С каждым днём болезнь усугублялась. Диму лихорадило. Он не мог спокойно спать. Ночью натягивал купленные в Далхуси свитера. Лежал в шерстяной шапке, укрытый двумя одеялами. Изойдя пóтом, начинал в отчаянии раздеваться и в итоге оставался голый под простынёй. Аня по три раза в день перестилала ему постель, выставляла на солнце мокрые подушки. Влажным прохладным полотенцем обтирала брату шею, грудь, лицо, пробовала расчесать его слипшиеся кудри.
Дима жаловался на нестерпимую ломоту в суставах и прежде всего – в левой ноге. Порывался о чём-то заговорить с Максимом, в бреду путано говорил о тайнах Шустова-старшего, со слезами вспоминал их встречу с людьми Скоробогатова. Начинал ругать себя, вслух называть слабаком. В истеричных припадках выкручивался на кровати и казался одержимым.
В редкие минуты, когда болезнь затихала, Аня заставляла брата пить говяжий бульон без специй. В итоге Диму рвало. Пришлось пообещать хозяйке двойную плату, потому что беспорядок в их номере начинал её пугать. Под конец Аня думала звонить в посольство, а потом вдруг поняла, в чём дело. Достаточно было прочитать инструкцию к противомалярийным таблеткам, которые они с Димой пили уже больше трёх недель.
– Жуть какая-то. – Аня показала Максиму длинный перечень побочных эффектов.
– Тошнота, рвота, головокружение, диарея, боль в животе, недомогание, утомляемость, озноб, лихорадка, – читал вслух Максим. – Наиболее часто – нарушение сна, кошмарные сновидения, реже – тревога, депрессия, панические атаки, спутанность сознания, галлюцинации, агрессивность, параноидальные реакции. Ты это серьёзно?! – Максим с недоумением посмотрел на Аню.
– Читай дальше! – Аню разбирал нервный смех.
Происходящее в самом деле было до абсурдности смешным.
– Сонливость, потеря равновесия, – Максим скользил взглядом по списку, казавшемуся перечнем всех подготовленных в аду наказаний для самых беспутных грешников. Наконец воскликнул: – Описаны случаи суицидальных мыслей! Хорошее лекарство…
К счастью, организм Ани оказался крепче. Накопительный эффект в её случае не сработал. А Дима, пропустив очередной приём противомалярийных таблеток, пошёл на поправку. Утром следующего дня даже выпил два стакана чёрного чая с сахаром и согласился съесть плошку детской рисовой каши «Нестле» – единственное, что удалось подобрать в местных магазинах. Возможно, Диму приободрил сам факт того, что удалось выяснить причину недуга. Он ещё чувствовал слабость и всё же с пугающей одержимостью взялся за бумаги из сумки Шустова-старшего, которую им передал Джерри.

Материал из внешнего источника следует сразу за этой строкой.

(* Let $n\ge2$. There exists a constant $C>0$ depending only on $n$ such that for every $u\in C_c^\infty(\overline{\mathbb R_+^n})$, $$\int_{\mathbb R_+^n}|u|\, \mathrm d\tilde{\mu}_n(x)\leq C\Big[\int_{\partial\mathbb R_+^n}|u|\,\mathrm d\mu_n(x')+\Big(\int_{\mathbb R_+^n}|\nabla u|^n\mathrm dx\Big)^{\frac 1 n}\Big]$$ and $$\int_{\partial\mathbb R_+^n}|u|\,\mathrm d\mu_n(x')\leq C\Big[\int_{\mathbb R_+^n}|u|\, \mathrm d\tilde{\mu}_n(x)+\Big(\int_{\mathbb R_+^n}|\nabla u|^n\mathrm dx\Big)^{\frac 1 n}\Big].$$
   Context: $\mathbb R_+^n=\{x=(x',t):x'\in\mathbb R^{n-1},t>0\}$, $\partial\mathbb R_+^n\cong\mathbb R^{n-1}$. $\sigma_{k}=|\mathbb S^{k}|$. $\mathrm d\mu_n(x')=\frac{2\,\mathrm dx'}{\sigma_{n-1}(1+|x'|^2)^{n/2}}$ on $\partial\mathbb R^n_+$, and $\mathrm d\tilde\mu_n(x)=\mu_{n+1}(x)\,\mathrm dx$ on $\mathbb R^n_+$ with $\mu_{n+1}(x',t)=\frac{2}{\sigma_{n}((1+t)^2+|x'|^2)^{(n+1)/2}}$. $C_c^\infty(\overline{\mathbb R_+^n})$: smooth functions on $\overline{\mathbb R^n_+}$ with compact support in $\mathbb R^n$. *)

theory Defs
  imports "HOL-Analysis.Analysis"
begin

text \<open>sigma k = |S^k|, the surface measure of the unit sphere in R^(k+1).\<close>
definition sphere_area :: "nat \<Rightarrow> real" where
  "sphere_area k = 2 * pi powr (real (k + 1) / 2) / Gamma (real (k + 1) / 2)"

fun dderiv :: "'a::real_normed_vector list \<Rightarrow> ('a \<Rightarrow> real) \<Rightarrow> 'a \<Rightarrow> real" where
  "dderiv [] f = f"
| "dderiv (v # vs) f = (\<lambda>x. frechet_derivative (dderiv vs f) (at x) v)"

definition smooth_fun :: "('a::real_normed_vector \<Rightarrow> real) \<Rightarrow> bool" where
  "smooth_fun f \<longleftrightarrow> (\<forall>vs x. dderiv vs f differentiable (at x))"

definition grad_norm :: "('a::euclidean_space \<Rightarrow> real) \<Rightarrow> 'a \<Rightarrow> real" where
  "grad_norm f x = sqrt (\<Sum>b\<in>Basis. (frechet_derivative f (at x) b)\<^sup>2)"

text \<open>Points of R^n are pairs (x', t) with x' in R^(n-1) = real^'m, so n = CARD('m) + 1.\<close>
definition upper_half :: "((real^('m::finite)) \<times> real) set" where
  "upper_half = {(x', t). t > 0}"

definition mu_bdry :: "nat \<Rightarrow> real^'m \<Rightarrow> real" where
  "mu_bdry n x' = 2 / (sphere_area (n - 1) * (1 + (norm x')\<^sup>2) powr (real n / 2))"

definition mu_int :: "nat \<Rightarrow> ((real^'m) \<times> real) \<Rightarrow> real" where
  "mu_int n p = 2 / (sphere_area n * ((1 + snd p)\<^sup>2 + (norm (fst p))\<^sup>2) powr (real (n + 1) / 2))"

end

theory Submission
  imports Defs
begin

Максим к этому времени отчаялся в них разобраться.
Кожаная экспедиционная сумка, с широким потёртым ремнём, множеством оттопыренных кармашков и медными пряжками, пропахла дымным ароматом благовоний, как и её содержимое. В ней лежали три пронумерованные тетради и один отдельный листок, закутанные в синий шёлковый шарф-хадáк. Максим тогда обшарил кармашки, убедился, что в них нет ничего, кроме свалявшейся пыли, и только после этого стал бережно расправлять ткань, будто взялся за древний папирус, готовый рассы́паться от неловкого прикосновения. Первым делом увидел листок. С ним особых затруднений не возникло. Это было стихотворение. Знакомый почерк. Синяя гелевая паста.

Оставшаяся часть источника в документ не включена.